┌──

lemma free_rate_eq_zero:
  assumes "A < B" and "free_rate A B x r y = 0"
  shows "0 < B" and "0 \<le> A" and "sens_p x r y = A / B"
proof -
  have "B * sens_p x r y = A" using assms(2) by (simp add: free_rate_def)
  then show "0 < B"
  proof (rule contrapos_pp)
    assume "\<not> 0 < B"
    then have "B * 1 \<le> B * sens_p x r y" using sens_p_bounds(2) by (intro mult_left_mono_neg) auto
    then show "B * sens_p x r y \<noteq> A" using assms(1) by simp
  qed
  with \<open>B * sens_p x r y = A\<close> show "0 \<le> A" "sens_p x r y = A / B"
    using sens_p_bounds[of x r y] by (auto simp: field_simps)
qed

lemma sens_p_eq_imp_norm_eq:
  assumes "0 < r" "0 < sens_p x r y" "sens_p x r y = sens_p x r z"
  shows "norm (y - x) = norm (z - x)"
proof -
  have "sens_p x r y = 1 - (norm (y - x))\<^sup>2 / r\<^sup>2" "sens_p x r z = 1 - (norm (z - x))\<^sup>2 / r\<^sup>2"
    using assms by (auto simp: sens_p_def max_def split: if_splits)
  then have "(norm (y - x))\<^sup>2 = (norm (z - x))\<^sup>2" using assms by (simp add: field_simps)
  then show ?thesis by (simp add: power2_eq_iff_nonneg)
qed

lemma r_le_norm_if_sens_p_eq_0: "0 < r \<Longrightarrow> sens_p x r y = 0 \<Longrightarrow> r \<le> norm (y - x)"
  by (auto simp: sens_p_def max_def field_simps abs_le_square_iff[symmetric] split: if_splits)

lemma exists_feasible_uncertainty:
  fixes c :: "real \<Rightarrow> pt"
  assumes cont_c: "continuous_on {0..L} c" and "0 \<le> L" and "0 \<le> R0" and t0: "t0 \<in> {0..L}"
    and drained: "R0 + integral {0..t0} (\<lambda>\<tau>. free_rate A B x r (c \<tau>)) \<le> 0"
  obtains R where "\<forall>t\<in>{0..L}. ((\<lambda>\<tau>. f_R A B x r (R \<tau>) (c \<tau>)) has_integral (R t - R 0)) {0..t}"
    and "\<forall>\<tau>\<in>{0..L}. 0 \<le> R \<tau>" and "\<exists>\<tau>\<in>{0..L}. R \<tau> = 0" and "R 0 = R0"
proof -
  define k where "k \<tau> = free_rate A B x r (c (max 0 (min L \<tau>)))" for \<tau>
  have "continuous_on UNIV k" unfolding k_def
    by (intro continuous_on_free_rate continuous_on_compose2[OF cont_c] continuous_intros)
      (auto simp: \<open>0 \<le> L\<close>)
  then interpret S: skorokhod_reflection k R0 L by unfold_locales (use assms in auto)
  have k_eq: "k \<tau> = free_rate A B x r (c \<tau>)" if "\<tau> \<in> {0..L}" for \<tau>
    using that by (simp add: k_def)
  show thesis
  proof (rule that[of S.reflected])
    show "\<forall>t\<in>{0..L}. ((\<lambda>\<tau>. f_R A B x r (S.reflected \<tau>) (c \<tau>)) has_integral
        (S.reflected t - S.reflected 0)) {0..t}"
    proof
      fix t assume t: "t \<in> {0..L}"
      have "S.reflected_rate \<tau> = f_R A B x r (S.reflected \<tau>) (c \<tau>)" if "\<tau> \<in> {0..t}" for \<tau>
        using that t k_eq[of \<tau>] by (simp add: S.reflected_rate_def f_R_eq_free_rate)
      then show "((\<lambda>\<tau>. f_R A B x r (S.reflected \<tau>) (c \<tau>))
          has_integral S.reflected t - S.reflected 0) {0..t}"
        using S.reflected_rate_has_integral[of t] t
          has_integral_cong[of "{0..t}" S.reflected_rate "\<lambda>\<tau>. f_R A B x r (S.reflected \<tau>) (c \<tau>)"]
        by simp
    qed
    show "\<forall>\<tau>\<in>{0..L}. 0 \<le> S.reflected \<tau>" using S.reflected_nonneg by simp
    have "S.free_path t0 = R0 + integral {0..t0} (\<lambda>\<tau>. free_rate A B x r (c \<tau>))"
      unfolding S.free_path_def using t0 k_eq by (intro arg_cong[where f="\<lambda>z. R0 + z"] integral_cong) auto
    with drained have "S.free_path t0 \<le> 0" by simp
    moreover have "0 \<le> t0" using t0 by simp
    ultimately obtain z where "z \<in> {0..t0}" "S.reflected z = 0"
      using S.reflected_hits_zero by blast
    then show "\<exists>\<tau>\<in>{0..L}. S.reflected \<tau> = 0" using t0 by auto
    show "S.reflected 0 = R0" by (rule S.reflected_0)
  qed
qed

section \<open>Paths with speed at most one\<close>

lemma norm_diff_le_of_speed_le_1:
  fixes s :: "real \<Rightarrow> 'a::real_normed_vector"
  assumes der: "\<forall>t\<in>{0..T}. (s has_vector_derivative u t) (at t within {0..T})"
    and speed: "\<forall>t\<in>{0..T}. norm (u t) \<le> 1"
    and "0 \<le> a" "a \<le> b" "b \<le> T"
  shows "norm (s b - s a) \<le> b - a"
proof -
  have "norm (s b - s a) \<le> 1 * norm (b - a)"
  proof (rule differentiable_bound[of "{a..b}"])
    fix t assume t: "t \<in> {a..b}"
    then have "(s has_vector_derivative u t) (at t within {0..T})" using der assms(3-5) by auto
    then show "(s has_derivative (\<lambda>h. h *\<^sub>R u t)) (at t within {a..b})"
      unfolding has_vector_derivative_def by (rule has_derivative_subset) (use assms(3,5) in auto)
    show "onorm (\<lambda>h. h *\<^sub>R u t) \<le> 1"
      using speed t assms(3-5) by (simp add: onorm_scaleR_left onorm_id)
  qed (use assms in auto)
  then show ?thesis using assms by simp
qed

lemma segment_of_norm_diff_eq:
  fixes s :: "real \<Rightarrow> 'a::real_inner"
  assumes lip: "\<And>c d. a \<le> c \<Longrightarrow> c \<le> d \<Longrightarrow> d \<le> b \<Longrightarrow> norm (s d - s c) \<le> d - c"
    and "a < b" and eq: "norm (s b - s a) = b - a" and t: "t \<in> {a..b}"
  shows "s t = s a + ((t - a) / (b - a)) *\<^sub>R (s b - s a)"
proof -
  define X Y where "X = s t - s a" and "Y = s b - s t"
  have "norm X \<le> t - a" "norm Y \<le> b - t" using lip t by (auto simp: X_def Y_def)
  moreover have "norm (X + Y) = b - a" using eq by (simp add: X_def Y_def)
  moreover note norm_triangle_ineq[of X Y]
  ultimately have "norm X = t - a" "norm Y = b - t" "norm (X + Y) = norm X + norm Y"
    by linarith+
  then have "(t - a) *\<^sub>R Y = (b - t) *\<^sub>R X" using norm_triangle_eq[of X Y] by simp
  then have XY: "(b - a) *\<^sub>R X = (t - a) *\<^sub>R (X + Y)" by (simp add: algebra_simps)
  have "X = inverse (b - a) *\<^sub>R ((b - a) *\<^sub>R X)" using \<open>a < b\<close> by simp
  also have "\<dots> = ((t - a) / (b - a)) *\<^sub>R (X + Y)"
    unfolding XY by (simp add: divide_inverse mult.commute)
  finally show ?thesis by (simp add: X_def Y_def algebra_simps)
qed

lemma has_real_derivative_max0_power2:
  "((\<lambda>z::real. (max 0 z)\<^sup>2) has_real_derivative 2 * max 0 z) (at z)"
proof -
  consider "z > 0" | "z < 0" | "z = 0" by linarith
  then show ?thesis
  proof cases
    case 1
    have ev: "\<forall>\<^sub>F w in nhds z. (max 0 w)\<^sup>2 = w\<^sup>2"
      using eventually_nhds_in_open[OF open_greaterThan, of z 0] 1 by (auto elim!: eventually_mono)
    have "((\<lambda>w. w\<^sup>2) has_real_derivative 2 * z) (at z)"
      using DERIV_pow[of 2 z] by simp
    then show ?thesis using DERIV_cong_ev[OF refl ev, of "2 * max 0 z" "2 * z"] 1 by simp
  next
    case 2
    have ev: "\<forall>\<^sub>F w in nhds z. (max 0 w)\<^sup>2 = 0"
      using eventually_nhds_in_open[OF open_lessThan, of z 0] 2 by (auto elim!: eventually_mono)
    then show ?thesis using DERIV_cong_ev[OF refl ev, of "2 * max 0 z" 0] 2 by simp
  next
    case 3
    have "\<forall>\<^sub>F y in at (0::real). ((max 0 y)\<^sup>2 - (max 0 0)\<^sup>2) / (y - 0) = max 0 y"
      unfolding eventually_at_filter
      by (rule always_eventually) (auto simp: max_def power2_eq_square)
    moreover have "((\<lambda>y::real. max 0 y) \<longlongrightarrow> 2 * max 0 0) (at 0)"
      by (intro tendsto_eq_intros) auto
    ultimately show ?thesis using 3 tendsto_cong by (force simp: has_field_derivative_iff)
  qed
qed

text \<open>Feasible paths have a velocity at every time, so a detour cannot start with a kink: this
  path leaves \<open>P\<close> with the prescribed velocity \<open>v\<close> and turns, within time \<open>\<delta>\<close>, into the
  straight run to \<open>q\<close>.\<close>

lemma C1_path_with_initial_velocity:
  fixes P q v :: "'a::real_normed_vector"
  assumes "norm v \<le> 1" and "0 < \<delta>"
  obtains L c c' where "0 < L" "L \<le> norm (q - P) + 2 * \<delta>" "c 0 = P" "c L = q" "c' 0 = v"
    "\<And>\<sigma>. (c has_vector_derivative c' \<sigma>) (at \<sigma>)" "\<And>\<sigma>. 0 \<le> \<sigma> \<Longrightarrow> norm (c' \<sigma>) \<le> 1"
proof -
  define Q where "Q = P + (\<delta>/2) *\<^sub>R v"
  define L where "L = \<delta> + norm (q - Q)"
  define e where "e = (1 / (L - \<delta>/2)) *\<^sub>R (q - Q)"
  have L_gt: "\<delta>/2 \<le> L - \<delta>/2" "0 < L - \<delta>/2"
    using \<open>0 < \<delta>\<close> by (simp_all add: L_def add_pos_nonneg)
  have "norm e = norm (q - Q) / (L - \<delta>/2)" using L_gt by (simp add: e_def)
  also have "\<dots> \<le> 1" using L_gt \<open>0 < \<delta>\<close> by (simp add: L_def)
  finally have norm_e: "norm e \<le> 1" .
  have "norm (q - Q) \<le> norm (q - P) + norm ((\<delta>/2) *\<^sub>R v)"
    using norm_triangle_ineq4[of "q - P" "(\<delta>/2) *\<^sub>R v"] by (simp add: Q_def algebra_simps)
  also have "norm ((\<delta>/2) *\<^sub>R v) \<le> \<delta>/2" using assms by (simp add: mult_left_le)
  finally have L_le: "L \<le> norm (q - P) + 2 * \<delta>" using \<open>0 < \<delta>\<close> by (simp add: L_def)
  define \<phi> where "\<phi> \<sigma> = \<delta>/2 - (max 0 (\<delta> - \<sigma>))\<^sup>2 / (2*\<delta>)" for \<sigma>
  define \<phi>' where "\<phi>' \<sigma> = max 0 (\<delta> - \<sigma>) / \<delta>" for \<sigma>
  have \<phi>_deriv: "(\<phi> has_real_derivative \<phi>' \<sigma>) (at \<sigma>)" for \<sigma>
  proof -
    have "((\<lambda>\<sigma>. (max 0 (\<delta> - \<sigma>))\<^sup>2) has_real_derivative 2 * max 0 (\<delta> - \<sigma>) * (0 - 1)) (at \<sigma>)"
      by (rule DERIV_chain2[OF has_real_derivative_max0_power2]) (intro derivative_eq_intros, auto)
    then have "(\<phi> has_real_derivative 0 - 2 * max 0 (\<delta> - \<sigma>) * (0 - 1) / (2*\<delta>)) (at \<sigma>)"
      unfolding \<phi>_def[abs_def] by (intro DERIV_diff DERIV_const DERIV_cdivide)
    then show ?thesis using \<open>0 < \<delta>\<close> by (simp add: \<phi>'_def)
  qed
  define c where "c \<sigma> = P + \<phi> \<sigma> *\<^sub>R v + (\<sigma> - \<phi> \<sigma>) *\<^sub>R e" for \<sigma>
  define c' where "c' \<sigma> = \<phi>' \<sigma> *\<^sub>R v + (1 - \<phi>' \<sigma>) *\<^sub>R e" for \<sigma>
  show thesis
  proof (rule that[of L c c'])
    show "0 < L" "L \<le> norm (q - P) + 2 * \<delta>" using L_gt \<open>0 < \<delta>\<close> L_le by auto
    show "c 0 = P" "c' 0 = v"
      using \<open>0 < \<delta>\<close> by (simp_all add: c_def c'_def \<phi>_def \<phi>'_def power2_eq_square)
    have "\<phi> L = \<delta>/2" using L_gt by (simp add: \<phi>_def)
    then have "c L = Q + (L - \<delta>/2) *\<^sub>R e" by (simp only: c_def Q_def add.assoc)
    then show "c L = q" using L_gt by (simp add: e_def)
    fix \<sigma>
    have "((\<lambda>\<sigma>. P + \<phi> \<sigma> *\<^sub>R v + (\<sigma> - \<phi> \<sigma>) *\<^sub>R e) has_vector_derivative
        0 + (\<phi> \<sigma> *\<^sub>R 0 + \<phi>' \<sigma> *\<^sub>R v) + ((\<sigma> - \<phi> \<sigma>) *\<^sub>R 0 + (1 - \<phi>' \<sigma>) *\<^sub>R e)) (at \<sigma>)"
      by (intro has_vector_derivative_add has_vector_derivative_const has_vector_derivative_scaleR
          \<phi>_deriv DERIV_diff[OF DERIV_ident \<phi>_deriv])
    then show "(c has_vector_derivative c' \<sigma>) (at \<sigma>)" by (simp add: c_def[abs_def] c'_def)
    assume "0 \<le> \<sigma>"
    then have "0 \<le> \<phi>' \<sigma>" "\<phi>' \<sigma> \<le> 1" using \<open>0 < \<delta>\<close> by (auto simp: \<phi>'_def divide_le_eq)
    then have "norm (c' \<sigma>) \<le> \<phi>' \<sigma> * norm v + (1 - \<phi>' \<sigma>) * norm e"
      using norm_triangle_ineq[of "\<phi>' \<sigma> *\<^sub>R v" "(1 - \<phi>' \<sigma>) *\<^sub>R e"] by (simp add: c'_def)
    also have "\<dots> \<le> \<phi>' \<sigma> * 1 + (1 - \<phi>' \<sigma>) * 1"
      using \<open>0 \<le> \<phi>' \<sigma>\<close> \<open>\<phi>' \<sigma> \<le> 1\<close> assms(1) norm_e by (intro add_mono mult_left_mono) auto
    finally show "norm (c' \<sigma>) \<le> 1" by simp
  qed
qed
lemma psd_Phi_sep_left: "psd d (Phi_sep_left d m k)"
proof -
  have weight: "0 \<le> (1 / of_nat x :: complex)" for x
    by (simp add: less_eq_complex_def)
  have "psd d (ket_bra (character_vec (d + 1) d (- int k)) (character_vec (d + 1) d (- int k)))"
    "psd d (ket_bra (ones_vec d) (ones_vec d))"
    using psd_ket_bra[of "character_vec (d + 1) d (- int k)"] psd_ket_bra[of "ones_vec d"]
    by (simp_all add: character_vec_def ones_vec_def)
  then show ?thesis
    unfolding Phi_sep_left_def
    by (cases "k \<le> d") (simp_all only: if_True if_False psd_smult[OF weight] flip: of_nat_mult)
qed

lemma psd_Phi_sep_right: "psd (d + m) (Phi_sep_right d m k)"
  using psd_ket_bra[of "character_vec (d + 1) (d + m) (int k)"] psd_ket_bra[of "unit_vec (d + m) k"]
  unfolding Phi_sep_right_def by (simp add: character_vec_def)

lemma Phi_sep_product_index_character:
  assumes "k \<le> d" "r < d" "s < d" "a < d + m" "b < d + m"
  shows "Phi_sep_left d m k $$ (r, s) * Phi_sep_right d m k $$ (a, b)
       = of_bool (a \<le> d \<and> b \<le> d) / (of_nat d * of_nat (d + m) * of_nat (d + 1))
         * cis (2 * pi * real k * (int a + int s - int r - int b) / (d + 1))"
proof -
  have "cis (2 * pi * - k * r / (d + 1)) * cnj (cis (2 * pi * - k * s / (d + 1)))
        * (cis (2 * pi * k * a / (d + 1)) * cnj (cis (2 * pi * k * b / (d + 1))))
      = cis (2 * pi * real k * (int a + int s - int r - int b) / (d + 1))"
    unfolding cis_cnj cis_mult by (rule arg_cong[where f = cis])
      (simp add: add_divide_distrib diff_divide_distrib algebra_simps)
  then show ?thesis
    using assms by (simp add: Phi_sep_left_def Phi_sep_right_def character_vec_def ket_bra_def)
qed

lemma Phi_sep_product_index_unit:
  assumes "d < k" "r < d" "s < d" "a < d + m" "b < d + m"
  shows "Phi_sep_left d m k $$ (r, s) * Phi_sep_right d m k $$ (a, b)
       = of_bool (a = k \<and> b = k) / (of_nat d * of_nat (d + m))"
  using assms by (simp add: Phi_sep_left_def Phi_sep_right_def ket_bra_def ones_vec_def unit_vec_def)

lemma sum_kron_Phi_sep_index:
  assumes "0 < m" "r < d" "s < d" "a < d + m" "b < d + m"
  shows "msum (d * (d + m)) (d * (d + m))
             (\<lambda>k. kron (Phi_sep_left d m k) (Phi_sep_right d m k)) {..<d + m}
           $$ (r * (d + m) + a, s * (d + m) + b)
       = (of_bool (a \<le> d \<and> b \<le> d \<and> (a + s) mod (d + 1) = (b + r) mod (d + 1))
          + of_bool (d < a \<and> a = b)) / (of_nat d * of_nat (d + m))"
proof -
  define g where "g k = Phi_sep_left d m k $$ (r, s) * Phi_sep_right d m k $$ (a, b)" for k
  have "msum (d * (d + m)) (d * (d + m))
            (\<lambda>k. kron (Phi_sep_left d m k) (Phi_sep_right d m k)) {..<d + m}
          $$ (r * (d + m) + a, s * (d + m) + b) = sum g {..<d + m}"
    using assms mult_add_less_mult[of r d a "d + m"] mult_add_less_mult[of s d b "d + m"]
    by (simp add: msum_def g_def
        kron_index[OF psd_carrier[OF psd_Phi_sep_left] psd_carrier[OF psd_Phi_sep_right]])
  also have "sum g {..<d + m} = sum g {..<d + 1} + sum g {d + 1..<d + m}"
    unfolding lessThan_atLeast0 using assms(1) by (intro sum.atLeastLessThan_concat[symmetric]) simp_all
  also have "sum g {..<d + 1}
      = of_bool (a \<le> d \<and> b \<le> d \<and> (a + s) mod (d + 1) = (b + r) mod (d + 1))
        / (of_nat d * of_nat (d + m))"
  proof -
    define j where "j = int a + int s - int r - int b"
    define c :: complex
      where "c = of_bool (a \<le> d \<and> b \<le> d) / (of_nat d * of_nat (d + m) * of_nat (d + 1))"
    have "sum g {..<d + 1} = c * (\<Sum>k<d + 1. cis (2 * pi * real k * j / real (d + 1)))"
      unfolding sum_distrib_left using assms
      by (intro sum.cong) (simp_all add: g_def c_def j_def Phi_sep_product_index_character)
    also have "\<dots> = c * (if int (d + 1) dvd j then of_nat (d + 1) else 0)"
      by (subst sum_cis_multiples) simp_all
    also have "int (d + 1) dvd j \<longleftrightarrow> (a + s) mod (d + 1) = (b + r) mod (d + 1)"
      by (simp add: nat_mod_eq_iff_int_dvd j_def algebra_simps)
    moreover have "of_nat (d + 1) \<noteq> (0 :: complex)"
      by (simp only: of_nat_eq_0_iff)
    ultimately show ?thesis
      by (simp add: c_def del: of_nat_add of_nat_Suc)
  qed
  also have "sum g {d + 1..<d + m} = of_bool (d < a \<and> a = b) / (of_nat d * of_nat (d + m))"
  proof -
    have "sum g {d + 1..<d + m}
        = (\<Sum>k\<in>{d + 1..<d + m}. of_bool (a = k \<and> b = k)) / (of_nat d * of_nat (d + m))"
      unfolding sum_divide_distrib using assms
      by (intro sum.cong) (simp_all add: g_def Phi_sep_product_index_unit)
    also have "(\<Sum>k\<in>{d + 1..<d + m}. of_bool (a = k \<and> b = k))
        = (of_bool (a \<in> {d + 1..<d + m} \<and> a = b) :: complex)"
      by (rule sum_diagonal_indicator) simp
    finally show ?thesis
      using assms(4) by auto
  qed
  finally show ?thesis
    by (simp add: add_divide_distrib)
qed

└──

• [Problem to solve]:
Using the records given above, list every line that includes the word "assumes".

• [Solution]:
  assumes "A < B" and "free_rate A B x r y = 0"
  assumes "0 < r" "0 < sens_p x r y" "sens_p x r y = sens_p x r z"
  assumes cont_c: "continuous_on {0..L} c" and "0 \<le> L" and "0 \<le> R0" and t0: "t0 \<in> {0..L}"
  assumes der: "\<forall>t\<in>{0..T}. (s has_vector_derivative u t) (at t within {0..T})"
  assumes lip: "\<And>c d. a \<le> c \<Longrightarrow> c \<le> d \<Longrightarrow> d \<le> b \<Longrightarrow> norm (s d - s c) \<le> d - c"
  assumes "norm v \<le> 1" and "0 < \<delta>"
  assumes "k \<le> d" "r < d" "s < d" "a < d + m" "b < d + m"
  assumes "d < k" "r < d" "s < d" "a < d + m" "b < d + m"
  assumes "0 < m" "r < d" "s < d" "a < d + m" "b < d + m"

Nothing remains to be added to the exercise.